Content starts
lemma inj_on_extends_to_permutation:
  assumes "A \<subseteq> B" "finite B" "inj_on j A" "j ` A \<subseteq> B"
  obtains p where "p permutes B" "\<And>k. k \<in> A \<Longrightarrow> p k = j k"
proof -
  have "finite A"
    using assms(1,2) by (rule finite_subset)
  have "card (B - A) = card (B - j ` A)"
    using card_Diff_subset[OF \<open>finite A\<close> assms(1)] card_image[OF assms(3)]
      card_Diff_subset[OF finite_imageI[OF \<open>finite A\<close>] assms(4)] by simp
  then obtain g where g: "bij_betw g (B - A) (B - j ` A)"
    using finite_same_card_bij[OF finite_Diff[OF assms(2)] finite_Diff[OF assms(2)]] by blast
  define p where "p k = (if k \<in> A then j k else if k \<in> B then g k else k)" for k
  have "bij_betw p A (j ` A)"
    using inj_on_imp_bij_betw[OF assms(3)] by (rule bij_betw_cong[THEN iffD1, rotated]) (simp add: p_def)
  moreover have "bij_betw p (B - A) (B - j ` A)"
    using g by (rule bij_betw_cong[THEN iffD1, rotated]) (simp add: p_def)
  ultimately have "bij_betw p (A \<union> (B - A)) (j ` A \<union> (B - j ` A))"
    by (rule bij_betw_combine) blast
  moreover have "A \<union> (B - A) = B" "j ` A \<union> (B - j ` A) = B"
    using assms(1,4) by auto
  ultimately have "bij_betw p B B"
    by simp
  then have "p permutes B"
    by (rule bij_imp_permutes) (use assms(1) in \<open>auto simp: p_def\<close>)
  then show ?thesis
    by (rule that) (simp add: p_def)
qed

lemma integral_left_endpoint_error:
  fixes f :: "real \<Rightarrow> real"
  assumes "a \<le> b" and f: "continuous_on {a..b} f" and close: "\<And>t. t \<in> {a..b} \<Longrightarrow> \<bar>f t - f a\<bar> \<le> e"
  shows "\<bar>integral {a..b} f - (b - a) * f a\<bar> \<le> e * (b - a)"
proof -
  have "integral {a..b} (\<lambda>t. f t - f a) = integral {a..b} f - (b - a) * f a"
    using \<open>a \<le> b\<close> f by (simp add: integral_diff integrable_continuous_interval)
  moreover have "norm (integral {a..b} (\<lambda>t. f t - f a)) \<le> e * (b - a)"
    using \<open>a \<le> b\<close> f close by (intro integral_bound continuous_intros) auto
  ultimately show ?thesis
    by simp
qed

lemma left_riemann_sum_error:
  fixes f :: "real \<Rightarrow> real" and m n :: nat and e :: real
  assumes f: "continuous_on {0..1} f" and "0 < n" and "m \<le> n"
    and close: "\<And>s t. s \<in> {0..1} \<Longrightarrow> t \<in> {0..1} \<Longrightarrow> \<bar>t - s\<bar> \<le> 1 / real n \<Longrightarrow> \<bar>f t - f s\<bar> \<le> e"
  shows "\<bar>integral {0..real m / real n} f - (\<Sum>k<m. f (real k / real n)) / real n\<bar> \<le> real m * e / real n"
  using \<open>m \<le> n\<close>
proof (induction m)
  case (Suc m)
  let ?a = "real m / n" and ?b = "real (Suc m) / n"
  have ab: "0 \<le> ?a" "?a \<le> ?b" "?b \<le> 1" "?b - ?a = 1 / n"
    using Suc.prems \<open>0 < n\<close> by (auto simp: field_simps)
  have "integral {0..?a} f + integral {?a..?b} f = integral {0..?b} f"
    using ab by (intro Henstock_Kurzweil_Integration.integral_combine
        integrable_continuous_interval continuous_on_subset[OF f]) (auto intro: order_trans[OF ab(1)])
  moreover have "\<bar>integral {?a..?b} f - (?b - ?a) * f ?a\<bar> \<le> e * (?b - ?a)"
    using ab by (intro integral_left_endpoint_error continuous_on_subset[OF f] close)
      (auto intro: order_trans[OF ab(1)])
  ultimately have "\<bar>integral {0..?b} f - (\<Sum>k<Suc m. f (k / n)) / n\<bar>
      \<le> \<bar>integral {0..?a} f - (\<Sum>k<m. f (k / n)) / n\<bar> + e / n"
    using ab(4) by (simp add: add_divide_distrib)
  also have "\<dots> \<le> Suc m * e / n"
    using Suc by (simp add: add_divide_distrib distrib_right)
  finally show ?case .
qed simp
Content ends
- [INSTRUCTIONS FOR THE TASK]: Each record must be repeated exactly as it is.

- [THE ANSWER]:
lemma inj_on_extends_to_permutation:
  assumes "A \<subseteq> B" "finite B" "inj_on j A" "j ` A \<subseteq> B"
  obtains p where "p permutes B" "\<And>k. k \<in> A \<Longrightarrow> p k = j k"
proof -
  have "finite A"
    using assms(1,2) by (rule finite_subset)
  have "card (B - A) = card (B - j ` A)"
    using card_Diff_subset[OF \<open>finite A\<close> assms(1)] card_image[OF assms(3)]
      card_Diff_subset[OF finite_imageI[OF \<open>finite A\<close>] assms(4)] by simp
  then obtain g where g: "bij_betw g (B - A) (B - j ` A)"
    using finite_same_card_bij[OF finite_Diff[OF assms(2)] finite_Diff[OF assms(2)]] by blast
  define p where "p k = (if k \<in> A then j k else if k \<in> B then g k else k)" for k
  have "bij_betw p A (j ` A)"
    using inj_on_imp_bij_betw[OF assms(3)] by (rule bij_betw_cong[THEN iffD1, rotated]) (simp add: p_def)
  moreover have "bij_betw p (B - A) (B - j ` A)"
    using g by (rule bij_betw_cong[THEN iffD1, rotated]) (simp add: p_def)
  ultimately have "bij_betw p (A \<union> (B - A)) (j ` A \<union> (B - j ` A))"
    by (rule bij_betw_combine) blast
  moreover have "A \<union> (B - A) = B" "j ` A \<union> (B - j ` A) = B"
    using assms(1,4) by auto
  ultimately have "bij_betw p B B"
    by simp
  then have "p permutes B"
    by (rule bij_imp_permutes) (use assms(1) in \<open>auto simp: p_def\<close>)
  then show ?thesis
    by (rule that) (simp add: p_def)
qed

lemma integral_left_endpoint_error:
  fixes f :: "real \<Rightarrow> real"
  assumes "a \<le> b" and f: "continuous_on {a..b} f" and close: "\<And>t. t \<in> {a..b} \<Longrightarrow> \<bar>f t - f a\<bar> \<le> e"
  shows "\<bar>integral {a..b} f - (b - a) * f a\<bar> \<le> e * (b - a)"
proof -
  have "integral {a..b} (\<lambda>t. f t - f a) = integral {a..b} f - (b - a) * f a"
    using \<open>a \<le> b\<close> f by (simp add: integral_diff integrable_continuous_interval)
  moreover have "norm (integral {a..b} (\<lambda>t. f t - f a)) \<le> e * (b - a)"
    using \<open>a \<le> b\<close> f close by (intro integral_bound continuous_intros) auto
  ultimately show ?thesis
    by simp
qed

lemma left_riemann_sum_error:
  fixes f :: "real \<Rightarrow> real" and m n :: nat and e :: real
  assumes f: "continuous_on {0..1} f" and "0 < n" and "m \<le> n"
    and close: "\<And>s t. s \<in> {0..1} \<Longrightarrow> t \<in> {0..1} \<Longrightarrow> \<bar>t - s\<bar> \<le> 1 / real n \<Longrightarrow> \<bar>f t - f s\<bar> \<le> e"
  shows "\<bar>integral {0..real m / real n} f - (\<Sum>k<m. f (real k / real n)) / real n\<bar> \<le> real m * e / real n"
  using \<open>m \<le> n\<close>
proof (induction m)
  case (Suc m)
  let ?a = "real m / n" and ?b = "real (Suc m) / n"
  have ab: "0 \<le> ?a" "?a \<le> ?b" "?b \<le> 1" "?b - ?a = 1 / n"
    using Suc.prems \<open>0 < n\<close> by (auto simp: field_simps)
  have "integral {0..?a} f + integral {?a..?b} f = integral {0..?b} f"
    using ab by (intro Henstock_Kurzweil_Integration.integral_combine
        integrable_continuous_interval continuous_on_subset[OF f]) (auto intro: order_trans[OF ab(1)])
  moreover have "\<bar>integral {?a..?b} f - (?b - ?a) * f ?a\<bar> \<le> e * (?b - ?a)"
    using ab by (intro integral_left_endpoint_error continuous_on_subset[OF f] close)
      (auto intro: order_trans[OF ab(1)])
  ultimately have "\<bar>integral {0..?b} f - (\<Sum>k<Suc m. f (k / n)) / n\<bar>
      \<le> \<bar>integral {0..?a} f - (\<Sum>k<m. f (k / n)) / n\<bar> + e / n"
    using ab(4) by (simp add: add_divide_distrib)
  also have "\<dots> \<le> Suc m * e / n"
    using Suc by (simp add: add_divide_distrib distrib_right)
  finally show ?case .
qed simp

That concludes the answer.